● Problem to solve:
Using the data below, count the lines where "open" appears, and answer with the number alone.
---- Source material
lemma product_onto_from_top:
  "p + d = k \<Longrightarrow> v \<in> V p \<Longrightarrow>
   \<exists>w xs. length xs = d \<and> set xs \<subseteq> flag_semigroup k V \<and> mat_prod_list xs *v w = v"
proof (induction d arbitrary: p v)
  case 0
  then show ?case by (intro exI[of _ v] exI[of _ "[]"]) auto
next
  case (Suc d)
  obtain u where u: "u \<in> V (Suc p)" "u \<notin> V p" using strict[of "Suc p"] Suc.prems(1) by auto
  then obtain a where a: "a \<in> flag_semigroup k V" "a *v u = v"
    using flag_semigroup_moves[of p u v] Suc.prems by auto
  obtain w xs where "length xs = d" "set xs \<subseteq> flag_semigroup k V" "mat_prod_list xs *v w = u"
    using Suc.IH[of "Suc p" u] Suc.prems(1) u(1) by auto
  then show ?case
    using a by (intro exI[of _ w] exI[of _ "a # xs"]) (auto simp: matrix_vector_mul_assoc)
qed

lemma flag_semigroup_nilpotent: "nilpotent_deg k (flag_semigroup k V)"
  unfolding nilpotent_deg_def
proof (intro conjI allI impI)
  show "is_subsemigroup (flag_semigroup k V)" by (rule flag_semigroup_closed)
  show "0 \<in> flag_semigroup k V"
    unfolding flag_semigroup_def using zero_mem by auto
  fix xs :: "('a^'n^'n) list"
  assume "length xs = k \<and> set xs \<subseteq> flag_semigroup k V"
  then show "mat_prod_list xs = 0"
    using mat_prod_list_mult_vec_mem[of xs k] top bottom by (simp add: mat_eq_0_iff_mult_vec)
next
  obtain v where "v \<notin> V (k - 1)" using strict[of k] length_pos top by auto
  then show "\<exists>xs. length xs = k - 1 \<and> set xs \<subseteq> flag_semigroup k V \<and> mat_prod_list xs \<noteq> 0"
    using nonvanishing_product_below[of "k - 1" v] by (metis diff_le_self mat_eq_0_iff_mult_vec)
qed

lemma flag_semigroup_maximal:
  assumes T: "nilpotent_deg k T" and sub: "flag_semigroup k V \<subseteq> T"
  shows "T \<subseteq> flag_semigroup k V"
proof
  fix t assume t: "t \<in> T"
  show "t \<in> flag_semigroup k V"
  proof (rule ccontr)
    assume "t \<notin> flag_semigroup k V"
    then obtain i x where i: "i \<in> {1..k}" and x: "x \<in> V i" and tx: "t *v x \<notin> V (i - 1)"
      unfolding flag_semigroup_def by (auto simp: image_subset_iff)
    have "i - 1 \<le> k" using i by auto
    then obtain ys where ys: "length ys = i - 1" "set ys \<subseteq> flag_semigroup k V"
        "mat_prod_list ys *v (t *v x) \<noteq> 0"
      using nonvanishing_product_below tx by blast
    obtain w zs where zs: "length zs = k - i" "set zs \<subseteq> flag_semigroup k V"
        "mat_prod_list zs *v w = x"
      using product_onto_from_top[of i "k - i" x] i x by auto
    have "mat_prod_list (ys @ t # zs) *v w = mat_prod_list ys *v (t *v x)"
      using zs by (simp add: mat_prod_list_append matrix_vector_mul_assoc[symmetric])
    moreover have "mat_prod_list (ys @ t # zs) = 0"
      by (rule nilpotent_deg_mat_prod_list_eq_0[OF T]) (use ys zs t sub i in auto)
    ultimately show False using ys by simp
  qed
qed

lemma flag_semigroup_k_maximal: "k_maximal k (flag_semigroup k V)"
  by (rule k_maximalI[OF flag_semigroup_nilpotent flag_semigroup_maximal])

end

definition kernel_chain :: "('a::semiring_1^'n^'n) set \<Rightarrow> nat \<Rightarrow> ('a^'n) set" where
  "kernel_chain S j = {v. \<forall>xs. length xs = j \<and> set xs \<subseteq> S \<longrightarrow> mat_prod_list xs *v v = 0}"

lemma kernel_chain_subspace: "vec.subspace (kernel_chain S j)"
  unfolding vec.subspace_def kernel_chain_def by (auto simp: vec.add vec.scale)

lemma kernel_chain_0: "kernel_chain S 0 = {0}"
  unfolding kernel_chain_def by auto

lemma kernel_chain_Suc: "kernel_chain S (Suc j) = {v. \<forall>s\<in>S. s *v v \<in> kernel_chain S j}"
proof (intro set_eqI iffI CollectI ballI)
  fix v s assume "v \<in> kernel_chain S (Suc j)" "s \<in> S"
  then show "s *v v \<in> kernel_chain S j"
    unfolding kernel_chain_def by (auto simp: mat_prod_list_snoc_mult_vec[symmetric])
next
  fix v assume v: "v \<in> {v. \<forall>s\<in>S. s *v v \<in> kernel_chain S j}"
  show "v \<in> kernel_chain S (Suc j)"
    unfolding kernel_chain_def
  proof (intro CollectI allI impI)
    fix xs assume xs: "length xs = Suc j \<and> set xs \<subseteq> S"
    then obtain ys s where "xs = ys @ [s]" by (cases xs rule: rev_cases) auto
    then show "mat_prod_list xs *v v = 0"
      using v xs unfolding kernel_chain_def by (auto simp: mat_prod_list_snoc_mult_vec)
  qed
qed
--------
---- Source material
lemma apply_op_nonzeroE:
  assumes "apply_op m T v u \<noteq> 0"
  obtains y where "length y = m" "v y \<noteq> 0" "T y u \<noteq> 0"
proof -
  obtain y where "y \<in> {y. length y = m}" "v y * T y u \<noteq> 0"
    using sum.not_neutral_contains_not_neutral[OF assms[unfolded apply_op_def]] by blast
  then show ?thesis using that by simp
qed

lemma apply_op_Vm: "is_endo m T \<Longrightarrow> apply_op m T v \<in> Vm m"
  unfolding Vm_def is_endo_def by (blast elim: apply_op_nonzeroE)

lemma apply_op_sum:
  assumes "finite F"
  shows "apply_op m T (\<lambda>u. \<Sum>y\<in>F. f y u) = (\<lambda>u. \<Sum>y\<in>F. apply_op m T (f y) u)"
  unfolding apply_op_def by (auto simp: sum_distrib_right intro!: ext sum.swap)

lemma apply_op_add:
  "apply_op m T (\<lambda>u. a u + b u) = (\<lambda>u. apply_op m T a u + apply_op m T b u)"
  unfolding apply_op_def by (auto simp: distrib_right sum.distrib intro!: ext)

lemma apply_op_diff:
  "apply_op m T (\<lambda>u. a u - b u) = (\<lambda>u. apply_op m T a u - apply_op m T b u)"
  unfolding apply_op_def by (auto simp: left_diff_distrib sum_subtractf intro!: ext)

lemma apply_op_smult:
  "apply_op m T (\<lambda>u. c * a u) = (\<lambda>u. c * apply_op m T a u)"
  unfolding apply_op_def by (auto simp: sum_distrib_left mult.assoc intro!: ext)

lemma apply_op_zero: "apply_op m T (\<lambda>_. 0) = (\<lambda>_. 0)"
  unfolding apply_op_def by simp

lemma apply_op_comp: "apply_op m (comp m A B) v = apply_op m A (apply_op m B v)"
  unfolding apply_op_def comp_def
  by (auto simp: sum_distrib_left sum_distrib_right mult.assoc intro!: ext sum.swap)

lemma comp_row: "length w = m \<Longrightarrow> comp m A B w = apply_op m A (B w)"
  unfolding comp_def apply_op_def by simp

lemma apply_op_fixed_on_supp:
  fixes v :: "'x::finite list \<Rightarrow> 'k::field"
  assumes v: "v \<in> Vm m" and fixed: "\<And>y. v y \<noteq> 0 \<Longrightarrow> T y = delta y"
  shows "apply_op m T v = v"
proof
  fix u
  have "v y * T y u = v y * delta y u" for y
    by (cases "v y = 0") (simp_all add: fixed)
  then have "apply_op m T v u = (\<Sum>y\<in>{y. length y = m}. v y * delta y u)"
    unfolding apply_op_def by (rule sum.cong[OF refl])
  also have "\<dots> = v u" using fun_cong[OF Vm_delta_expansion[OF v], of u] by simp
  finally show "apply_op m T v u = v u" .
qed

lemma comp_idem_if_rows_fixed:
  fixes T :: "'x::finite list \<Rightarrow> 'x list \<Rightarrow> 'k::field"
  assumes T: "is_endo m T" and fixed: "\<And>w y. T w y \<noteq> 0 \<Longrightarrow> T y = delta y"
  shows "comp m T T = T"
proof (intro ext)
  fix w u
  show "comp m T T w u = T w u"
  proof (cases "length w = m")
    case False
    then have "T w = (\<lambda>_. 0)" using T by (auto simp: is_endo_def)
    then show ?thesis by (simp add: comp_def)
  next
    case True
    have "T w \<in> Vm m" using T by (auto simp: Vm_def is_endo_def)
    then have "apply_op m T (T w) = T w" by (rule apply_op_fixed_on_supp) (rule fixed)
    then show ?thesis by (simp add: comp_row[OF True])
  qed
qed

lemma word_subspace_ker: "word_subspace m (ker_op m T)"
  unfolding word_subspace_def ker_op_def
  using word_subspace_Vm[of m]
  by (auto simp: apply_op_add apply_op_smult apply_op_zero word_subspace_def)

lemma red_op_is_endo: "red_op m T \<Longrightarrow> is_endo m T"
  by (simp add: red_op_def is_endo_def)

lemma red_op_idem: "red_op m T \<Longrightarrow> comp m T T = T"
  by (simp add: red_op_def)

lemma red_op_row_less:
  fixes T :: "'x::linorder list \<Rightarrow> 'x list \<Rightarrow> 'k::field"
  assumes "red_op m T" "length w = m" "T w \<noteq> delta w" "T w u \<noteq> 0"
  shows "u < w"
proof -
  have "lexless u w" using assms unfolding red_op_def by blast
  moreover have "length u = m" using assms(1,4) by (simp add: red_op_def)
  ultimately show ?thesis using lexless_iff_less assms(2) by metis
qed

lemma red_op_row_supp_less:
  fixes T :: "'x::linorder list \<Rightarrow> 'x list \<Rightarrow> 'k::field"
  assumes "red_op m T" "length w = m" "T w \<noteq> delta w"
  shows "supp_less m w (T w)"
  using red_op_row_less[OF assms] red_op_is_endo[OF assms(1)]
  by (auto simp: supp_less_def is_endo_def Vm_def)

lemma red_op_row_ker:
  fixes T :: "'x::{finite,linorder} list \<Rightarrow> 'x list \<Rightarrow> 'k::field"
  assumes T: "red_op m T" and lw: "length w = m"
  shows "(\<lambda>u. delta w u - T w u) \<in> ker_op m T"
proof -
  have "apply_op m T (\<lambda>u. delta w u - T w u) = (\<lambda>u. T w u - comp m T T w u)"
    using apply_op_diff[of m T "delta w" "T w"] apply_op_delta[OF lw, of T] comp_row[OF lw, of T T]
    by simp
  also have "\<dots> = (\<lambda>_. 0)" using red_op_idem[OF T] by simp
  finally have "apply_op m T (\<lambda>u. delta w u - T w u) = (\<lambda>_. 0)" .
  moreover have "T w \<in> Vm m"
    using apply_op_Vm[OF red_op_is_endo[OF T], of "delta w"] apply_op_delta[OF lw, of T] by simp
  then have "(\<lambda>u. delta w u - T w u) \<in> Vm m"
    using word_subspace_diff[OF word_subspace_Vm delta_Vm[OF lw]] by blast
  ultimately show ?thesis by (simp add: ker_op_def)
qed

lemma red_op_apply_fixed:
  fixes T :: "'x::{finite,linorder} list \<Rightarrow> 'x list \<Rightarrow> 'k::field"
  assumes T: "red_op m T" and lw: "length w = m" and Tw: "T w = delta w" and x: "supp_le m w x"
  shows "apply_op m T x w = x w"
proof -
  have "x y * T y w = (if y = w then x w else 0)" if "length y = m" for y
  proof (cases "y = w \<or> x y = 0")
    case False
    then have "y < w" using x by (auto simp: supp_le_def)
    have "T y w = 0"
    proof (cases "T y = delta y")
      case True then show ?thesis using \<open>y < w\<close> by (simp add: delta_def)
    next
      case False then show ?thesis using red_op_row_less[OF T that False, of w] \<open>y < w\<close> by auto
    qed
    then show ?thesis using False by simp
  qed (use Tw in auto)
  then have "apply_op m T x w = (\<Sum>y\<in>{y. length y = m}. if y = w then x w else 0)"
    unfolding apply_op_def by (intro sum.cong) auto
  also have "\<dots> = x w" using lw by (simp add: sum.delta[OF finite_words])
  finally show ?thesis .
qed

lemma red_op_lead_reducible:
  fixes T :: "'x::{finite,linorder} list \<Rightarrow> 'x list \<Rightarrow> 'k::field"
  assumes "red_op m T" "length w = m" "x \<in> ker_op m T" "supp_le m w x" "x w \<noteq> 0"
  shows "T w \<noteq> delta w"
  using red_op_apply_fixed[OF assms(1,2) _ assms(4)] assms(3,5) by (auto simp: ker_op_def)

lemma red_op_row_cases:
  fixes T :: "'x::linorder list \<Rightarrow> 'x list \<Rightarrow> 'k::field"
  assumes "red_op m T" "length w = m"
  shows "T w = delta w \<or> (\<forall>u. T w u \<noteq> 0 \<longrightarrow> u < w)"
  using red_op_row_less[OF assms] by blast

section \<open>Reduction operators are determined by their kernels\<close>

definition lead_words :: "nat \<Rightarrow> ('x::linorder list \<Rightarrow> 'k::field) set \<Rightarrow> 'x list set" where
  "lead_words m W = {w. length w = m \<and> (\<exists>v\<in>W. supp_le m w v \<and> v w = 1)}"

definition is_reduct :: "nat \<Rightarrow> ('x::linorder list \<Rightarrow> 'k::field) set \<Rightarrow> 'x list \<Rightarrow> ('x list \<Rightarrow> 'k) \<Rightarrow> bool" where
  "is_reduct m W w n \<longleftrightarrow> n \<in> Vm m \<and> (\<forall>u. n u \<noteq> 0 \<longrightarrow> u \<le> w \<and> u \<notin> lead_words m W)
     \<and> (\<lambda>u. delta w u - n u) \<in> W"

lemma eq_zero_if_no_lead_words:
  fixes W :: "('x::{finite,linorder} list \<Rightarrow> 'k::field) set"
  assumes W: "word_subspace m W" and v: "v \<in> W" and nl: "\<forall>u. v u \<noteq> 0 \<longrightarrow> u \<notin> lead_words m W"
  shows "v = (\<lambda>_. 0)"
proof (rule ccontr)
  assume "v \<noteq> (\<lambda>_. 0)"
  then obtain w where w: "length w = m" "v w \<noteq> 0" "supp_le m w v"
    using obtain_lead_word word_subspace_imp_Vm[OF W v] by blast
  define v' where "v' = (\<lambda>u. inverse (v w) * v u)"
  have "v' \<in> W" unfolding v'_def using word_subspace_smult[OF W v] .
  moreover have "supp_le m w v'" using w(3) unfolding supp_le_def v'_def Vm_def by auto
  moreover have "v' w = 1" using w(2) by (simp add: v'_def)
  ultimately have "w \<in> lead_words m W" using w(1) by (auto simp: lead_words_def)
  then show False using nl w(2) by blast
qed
--------
● Reply to the exercise:
3